Мама же не ждала оваций и благодарности. Она отчитывалась только перед собой — сама себя хвалила и сама себя ругала. Чаще ругала, чем хвалила. Она всегда была недовольна собой — в сложных случаях не находила себе места. Долго прокручивала в голове, что еще могла сказать, что еще прописать.
Папа практически всегда был уверен в успехе, в результате. Он в себе не сомневался. Или не показывал виду? Не знаю.

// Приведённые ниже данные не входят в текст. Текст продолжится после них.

(* Let $G$ be the infinite king grid. The code $C=\{(x,y)\in\mathbb{Z}^2\mid x-y\equiv 0\pmod 3\}$ is self-locating-dominating in $G$ and its density is $1/3$.
   Context: The infinite king grid $G=(V,E)$ has $V=\mathbb{Z}^2$, and distinct vertices $(u_1,u_2)$, $(v_1,v_2)$ are adjacent iff $|u_1-v_1|\le1$ and $|u_2-v_2|\le1$. Let $V_n=\{(x,y)\mid |x|\le n,|y|\le n\}$; the density of a code $C\subseteq V$ is $D(C)=\limsup_{n\to\infty}|C\cap V_n|/|V_n|$. $N[v]$ is the closed neighbourhood of $v$, and for a code $C$, $I(C;v)=N[v]\cap C$. A code $C$ is self-locating-dominating if for every $u\in V\setminus C$, $I(C;u)\ne\emptyset$ and $\bigcap_{c\in I(C;u)}N[c]=\{u\}$. *)

theory Defs
  imports "HOL-Library.Liminf_Limsup" "HOL-Library.Extended_Real"
begin

type_synonym vertex = "int \<times> int"

definition king_adj :: "vertex \<Rightarrow> vertex \<Rightarrow> bool" where
  "king_adj u v \<longleftrightarrow> u \<noteq> v \<and> \<bar>fst u - fst v\<bar> \<le> 1 \<and> \<bar>snd u - snd v\<bar> \<le> 1"

definition closed_nbhd :: "vertex \<Rightarrow> vertex set" where
  "closed_nbhd v = {v} \<union> {u. king_adj v u}"

definition I_set :: "vertex set \<Rightarrow> vertex \<Rightarrow> vertex set" where
  "I_set C v = closed_nbhd v \<inter> C"

definition self_locating_dominating :: "vertex set \<Rightarrow> bool" where
  "self_locating_dominating C \<longleftrightarrow>
     (\<forall>u. u \<notin> C \<longrightarrow> I_set C u \<noteq> {} \<and> (\<Inter>c\<in>I_set C u. closed_nbhd c) = {u})"

definition V_box :: "nat \<Rightarrow> vertex set" where
  "V_box n = {(x, y). \<bar>x\<bar> \<le> int n \<and> \<bar>y\<bar> \<le> int n}"

definition density :: "vertex set \<Rightarrow> ereal" where
  "density C = limsup (\<lambda>n. ereal (real (card (C \<inter> V_box n)) / real (card (V_box n))))"

end

theory Submission
  imports Defs
begin

(* A vertex (a, b) outside the code has a - b congruent to s = 1 or s = -1 mod 3, and its
   codeword neighbours are exactly (a, b + s), (a - s, b) and (a + s, b - s); the three 3x3
   squares centred at them share only the centre (a, b).
   For the density, every column of V_n meets the code in a residue class mod 3 of an interval
   of length 2n + 1, i.e. in (2n + 1)/3 + O(1) vertices, and the total error O(n) is negligible
   against |V_n| = (2n + 1)^2. *)

lemma mem_closed_nbhd_iff:
  "(x, y) \<in> closed_nbhd (a, b) \<longleftrightarrow> \<bar>x - a\<bar> \<le> 1 \<and> \<bar>y - b\<bar> \<le> 1"
  unfolding closed_nbhd_def king_adj_def by auto

definition diagonal_code :: "vertex set" where
  "diagonal_code = {(x, y). (x - y) mod 3 = 0}"

lemma I_set_diagonal_code:
  assumes s: "s = 1 \<or> s = -1" and res: "(a - b) mod 3 = s mod 3"
  shows "I_set diagonal_code (a, b) = {(a, b + s), (a - s, b), (a + s, b - s)}"
proof (rule set_eqI)
  fix p :: vertex
  obtain x y where p: "p = (x, y)" by force
  from s show "p \<in> I_set diagonal_code (a, b) \<longleftrightarrow> p \<in> {(a, b + s), (a - s, b), (a + s, b - s)}"
    using res
    by (elim disjE)
      (simp_all add: I_set_def diagonal_code_def p mem_closed_nbhd_iff abs_le_iff; presburger)+
qed

lemma Inter_closed_nbhd_triple:
  assumes "s = 1 \<or> s = -1"
  shows "closed_nbhd (a, b + s) \<inter> closed_nbhd (a - s, b) \<inter> closed_nbhd (a + s, b - s) = {(a, b)}"
  using assms by (auto simp: mem_closed_nbhd_iff)

lemma self_locating_dominating_diagonal_code: "self_locating_dominating diagonal_code"
  unfolding self_locating_dominating_def
proof (intro allI impI)
  fix u :: vertex
  assume u: "u \<notin> diagonal_code"
  obtain a b where ab: "u = (a, b)"
    by force
  obtain s :: int where s: "s = 1 \<or> s = -1" and res: "(a - b) mod 3 = s mod 3"
  proof -
    have "(a - b) mod 3 = 1 \<or> (a - b) mod 3 = 2"
      using u ab by (auto simp: diagonal_code_def)
    then show thesis
      using that[of 1] that[of "-1"] by auto
  qed
  show "I_set diagonal_code u \<noteq> {} \<and> (\<Inter>c\<in>I_set diagonal_code u. closed_nbhd c) = {u}"
    using Inter_closed_nbhd_triple[OF s, of a b]
    by (simp add: ab I_set_diagonal_code[OF s res] Int_assoc)
qed

lemma residue_class_in_interval_eq_image:
  fixes a b r m :: int
  assumes "0 < m"
  shows "{y \<in> {a..b}. y mod m = r mod m}
    = (\<lambda>k. r + m * k) ` {\<lceil>of_int (a - r) / (of_int m :: real)\<rceil>..\<lfloor>of_int (b - r) / (of_int m :: real)\<rfloor>}"
proof -
  have in_range_iff: "a \<le> r + m * k \<and> r + m * k \<le> b
      \<longleftrightarrow> \<lceil>of_int (a - r) / (of_int m :: real)\<rceil> \<le> k \<and> k \<le> \<lfloor>of_int (b - r) / (of_int m :: real)\<rfloor>" for k
  proof -
    have "a \<le> r + m * k \<longleftrightarrow> of_int (a - r) \<le> (of_int (m * k) :: real)"
      and "r + m * k \<le> b \<longleftrightarrow> of_int (m * k) \<le> (of_int (b - r) :: real)"
      by (simp_all only: of_int_le_iff) linarith+
    then show ?thesis
      using assms by (simp add: ceiling_le_iff le_floor_iff pos_divide_le_eq pos_le_divide_eq mult.commute)
  qed
  have "{y \<in> {a..b}. y mod m = r mod m} = (\<lambda>k. r + m * k) ` {k. a \<le> r + m * k \<and> r + m * k \<le> b}"
    by (auto simp: mod_eq_dvd_iff dvd_def algebra_simps)
  also have "\<dots> = (\<lambda>k. r + m * k) ` {\<lceil>of_int (a - r) / (of_int m :: real)\<rceil>..\<lfloor>of_int (b - r) / (of_int m :: real)\<rfloor>}"
    using in_range_iff by auto
  finally show ?thesis .
qed

lemma card_residue_class_in_interval:
  fixes a b r m :: int
  assumes "0 < m" "a \<le> b"
  shows "\<bar>m * int (card {y \<in> {a..b}. y mod m = r mod m}) - (b - a + 1)\<bar> \<le> m"
proof -
  define lo where "lo = \<lceil>of_int (a - r) / (of_int m :: real)\<rceil>"
  define hi where "hi = \<lfloor>of_int (b - r) / (of_int m :: real)\<rfloor>"
  have "card {y \<in> {a..b}. y mod m = r mod m} = card {lo..hi}"
    using assms unfolding residue_class_in_interval_eq_image[OF \<open>0 < m\<close>] lo_def hi_def
    by (simp add: card_image inj_on_def)
  then have card_eq: "int (card {y \<in> {a..b}. y mod m = r mod m}) = max 0 (hi - lo + 1)"
    by simp
  have "of_int (b - r) / of_int m - 1 < (of_int hi :: real)" "of_int hi \<le> of_int (b - r) / (of_int m :: real)"
    "of_int (a - r) / of_int m \<le> (of_int lo :: real)" "of_int lo < of_int (a - r) / (of_int m :: real) + 1"
    unfolding lo_def hi_def by linarith+
  then have "of_int (b - r - m) < (of_int (m * hi) :: real)" "of_int (m * hi) \<le> (of_int (b - r) :: real)"
    "of_int (a - r) \<le> (of_int (m * lo) :: real)" "of_int (m * lo) < (of_int (a - r + m) :: real)"
    using assms by (simp_all add: field_simps)
  then have "b - r - m < m * hi" "m * hi \<le> b - r" "a - r \<le> m * lo" "m * lo < a - r + m"
    by (simp_all only: of_int_less_iff of_int_le_iff)
  then have "b - a - m < m * (hi - lo + 1)" "m * (hi - lo + 1) \<le> b - a + m"
    by (simp_all add: algebra_simps)
  moreover from this(1) have "0 \<le> hi - lo + 1"
    using assms mult_less_cancel_left_pos[of m "- 1" "hi - lo + 1"] by simp
  ultimately show ?thesis
    using card_eq by (simp add: abs_le_iff)
qed

lemma V_box_eq_Times: "V_box n = {-int n..int n} \<times> {-int n..int n}"
  unfolding V_box_def by auto

lemma card_V_box: "card (V_box n) = (2 * n + 1)\<^sup>2"
proof -
  have "card {-int n..int n} = 2 * n + 1"
    by simp
  then show ?thesis
    by (simp add: V_box_eq_Times card_cartesian_product power2_eq_square)
qed

lemma card_diagonal_code_Int_V_box:
  "\<bar>3 * int (card (diagonal_code \<inter> V_box n)) - (2 * int n + 1)\<^sup>2\<bar> \<le> 3 * (2 * int n + 1)"
proof -
  define column where "column x = {y \<in> {-int n..int n}. y mod 3 = x mod 3}" for x :: int
  have "diagonal_code \<inter> V_box n = Sigma {-int n..int n} column"
  proof -
    have "(x - y) mod 3 = 0 \<longleftrightarrow> y mod 3 = x mod 3" for x y :: int
      by presburger
    then show ?thesis
      by (auto simp: diagonal_code_def V_box_eq_Times column_def)
  qed
  moreover have "finite (column x)" for x
    unfolding column_def by (rule finite_subset[of _ "{-int n..int n}"]) auto
  ultimately have "int (card (diagonal_code \<inter> V_box n)) = (\<Sum>x\<in>{-int n..int n}. int (card (column x)))"
    by simp
  then have "3 * int (card (diagonal_code \<inter> V_box n)) - (2 * int n + 1)\<^sup>2
      = (\<Sum>x\<in>{-int n..int n}. 3 * int (card (column x)) - (2 * int n + 1))"
    by (simp add: sum_subtractf sum_distrib_left power2_eq_square)
  also have "\<bar>\<dots>\<bar> \<le> (\<Sum>x\<in>{-int n..int n}. \<bar>3 * int (card (column x)) - (2 * int n + 1)\<bar>)"
    by (rule sum_abs)
  also have "\<dots> \<le> (\<Sum>x\<in>{-int n..int n}. 3)"
    using card_residue_class_in_interval[of 3 "- int n" "int n"]
    by (intro sum_mono) (simp add: column_def)
  finally show ?thesis
    by simp
qed

lemma density_eqI:
  assumes close: "\<And>n. \<bar>real (card (C \<inter> V_box n)) - c * real (card (V_box n))\<bar> \<le> K * real (2 * n + 1)"
  shows "density C = ereal c"
proof -
  define g where "g n = real (card (C \<inter> V_box n)) / real (card (V_box n))" for n
  have "0 \<le> K"
    using close[of 0] abs_ge_zero[of "real (card (C \<inter> V_box 0)) - c * real (card (V_box 0))"] by simp
  have g_close: "\<bar>g n - c\<bar> \<le> inverse (real (Suc n)) * K" for n
  proof -
    define s where "s = real (2 * n + 1)"
    have "0 < s" "real (Suc n) \<le> s"
      by (simp_all add: s_def)
    have "\<bar>g n - c\<bar> = \<bar>real (card (C \<inter> V_box n)) - c * real (card (V_box n))\<bar> / s\<^sup>2"
      using \<open>0 < s\<close> by (simp add: g_def card_V_box s_def field_simps)
    also have "\<dots> \<le> K * s / s\<^sup>2"
      using close[of n] by (simp add: s_def divide_right_mono)
    also have "\<dots> = K / s"
      using \<open>0 < s\<close> by (simp add: power2_eq_square)
    also have "\<dots> \<le> inverse (real (Suc n)) * K"
      using \<open>0 \<le> K\<close> \<open>real (Suc n) \<le> s\<close>
      by (simp add: divide_inverse mult.commute mult_left_mono le_imp_inverse_le)
    finally show ?thesis .
  qed
  have "(\<lambda>n. g n - c) \<longlonglongrightarrow> 0"
    using g_close by (intro tendsto_0_le[OF LIMSEQ_inverse_real_of_nat, where K = K] always_eventually) simp
  then have "(\<lambda>n. ereal (g n)) \<longlonglongrightarrow> ereal c"
    by (rule tendsto_ereal[OF LIM_zero_cancel])
  then show ?thesis
    unfolding density_def g_def by (simp add: lim_imp_Limsup)
qed

theorem theorem12:
  defines "C \<equiv> {(x::int, y::int). (x - y) mod 3 = 0}"
  shows "self_locating_dominating C \<and> density C = ereal (1/3)"
proof -
  have "density diagonal_code = ereal (1/3)"
  proof (rule density_eqI[where K = 1])
    fix n
    have "real_of_int \<bar>3 * int (card (diagonal_code \<inter> V_box n)) - (2 * int n + 1)\<^sup>2\<bar>
        \<le> real_of_int (3 * (2 * int n + 1))"
      using card_diagonal_code_Int_V_box[of n] by (simp only: of_int_le_iff)
    then show "\<bar>real (card (diagonal_code \<inter> V_box n)) - 1/3 * real (card (V_box n))\<bar> \<le> 1 * real (2 * n + 1)"
      by (simp add: card_V_box abs_le_iff add.commute)
  qed
  then show ?thesis
    using self_locating_dominating_diagonal_code by (simp add: C_def diagonal_code_def)
qed

end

У папы было много учеников, преданных, толковых, талантливых. Правда, у него была еще одна особенность. Он был влюбчив. Влюблялся в человека и превозносил его до небес. Только эта любовь была хоть и яркой, мощной, но очень кратковременной — он мог так же быстро разочароваться во вчерашнем любимчике и «поставить на нем крест». Мама же никогда не доверяла первому впечатлению, ее уважение и расположение нужно было завоевывать, она проверяла «на вшивость» долго и тщательно. Зато, проверив, приняв и начав уважать, никогда не отказывалась от своего мнения, что бы человек ни сделал и что бы о нем ни говорили. Она стояла за «своих» до конца. Папа же «сдавал» спокойно и без жалости.

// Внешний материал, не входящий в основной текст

(* In the timely decision problem described in the context, define $\alpha_0=\beta_0=0\in\mathbb{R}^{\Theta}$ and, for $t\ge1$ and $\theta\in\Theta$, with $\bar p_t\doteq\sum_{\theta'\in\Theta}p_{\theta',\lambda_{t-1}}\mu_{t-1}(\theta')$, $$\alpha_t(\theta)=\alpha_{t-1}(\theta)-\mu_{t-1}(\theta)\,\nu_{t-1}\nu_t\,\frac{p_{\theta,\lambda_{t-1}}-\bar p_t}{1-\bar p_t},\qquad \beta_t(\theta)=\beta_{t-1}(\theta)+\mu_{t-1}(\theta)\,\nu_{t-1}(1-\nu_t)\,\frac{p_{\theta,\lambda_{t-1}}-\bar p_t}{\bar p_t}.$$ Then the posterior decomposes as $\mu_t=\tilde\mu_t+\alpha_t+\beta_t$, where $\tilde\mu_t\doteq\mu_t-\alpha_t-\beta_t$ is a martingale: $\mathbb{E}[\tilde\mu_t-\tilde\mu_{t-1}\mid \lambda_{t-1},\mu_{t-1},\nu_{t-1}]=0$ for all $t\ge1$. Here $\tilde\mu_t$ captures the information from the acquired outcomes, $\alpha_t$ (a function of $\mu_{t-1},\lambda_{t-1},\nu_{t-1},\nu_t$ and the past) compensates for the bias due to survival, and $\beta_t$ compensates for the bias due to stoppage.
   Context: $\Theta,\Lambda,\Omega$ are finite nonempty sets; $\Delta(\Theta)$ is the simplex over $\Theta$. For $\theta\in\Theta,\lambda\in\Lambda$, $q_{\theta,\lambda}$ is a known distribution on $\Omega$ and $p_{\theta,\lambda}\in(0,1)$. A latent $\theta\sim\mu_0$ (known prior). Survival process $\nu_t\in\{0,1\}$, $\nu_0=1$. At each time $t$ with $\nu_t=1$ an acquisition $\lambda_t\in\Lambda$ is chosen as a (possibly randomized) function of the observed history; given $\theta,\nu_t=1,\lambda_t$, $\nu_{t+1}=0$ with probability $p_{\theta,\lambda_t}$, otherwise $\nu_{t+1}=1$ and an outcome $\omega_{t+1}\sim q_{\theta,\lambda_t}$ is observed, conditionally independent of the past given $\theta,\lambda_t$; once $\nu_t=0$ nothing more happens and $\nu$ stays $0$. $\mu_t\in\Delta(\Theta)$ is the posterior of $\theta$ given the observed history ($\lambda_{0:t-1}$, $\nu_{1:t}$, observed outcomes); it satisfies $\mu_t=\mu_{t-1}$ if $\nu_{t-1}=0$, $\mu_t(\theta)\propto p_{\theta,\lambda_{t-1}}\mu_{t-1}(\theta)$ if $\nu_{t-1}=1,\nu_t=0$, and $\mu_t(\theta)\propto(1-p_{\theta,\lambda_{t-1}})q_{\theta,\lambda_{t-1}}(\omega_t)\mu_{t-1}(\theta)$ if $\nu_t=1$. *)

theory Defs
  imports "HOL-Probability.Probability"
begin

— Ты, как барышня или весенний ветерок, — сердилась на него мама, когда папа рассказывал ей об очередном талантливом «мальчике». — Люблю, не люблю… Завтра же плюнешь и к черту пошлешь. Так нельзя.
— Только так и можно! — горячился папа. — Нужно очаровываться и разочаровываться. Полумер не бывает.
— Бывает. Человек может быть «практически здоров». Нет идеальных людей. Нет абсолютно здоровых.

— Я не хочу. Мне так неинтересно, — обижался папа, как ребенок.
И мама знала, что не сможет его переделать и переубедить.
Евгений Соловьев был последним папиным любимчиком. Папа звал его в наш дом и всем рассказывал, какой Женечка талант, какой самородок. Женя в это быстро начал верить.
— Не надо так превозносить мальчика, — сказала мама папе, — он еще молодой. Поверит тебе и начнет делать ошибки.
— А если не поверит, то у него ничего не получится. Пусть лучше будет завышенная самооценка, чем заниженная. Как у меня! — Папа хохотнул.
— Он не ты, не сравнивай, — ответила мама, — твоему Жене еще учиться и учиться, а он уже мнит себя великим хирургом. И ты ему в этом потакаешь.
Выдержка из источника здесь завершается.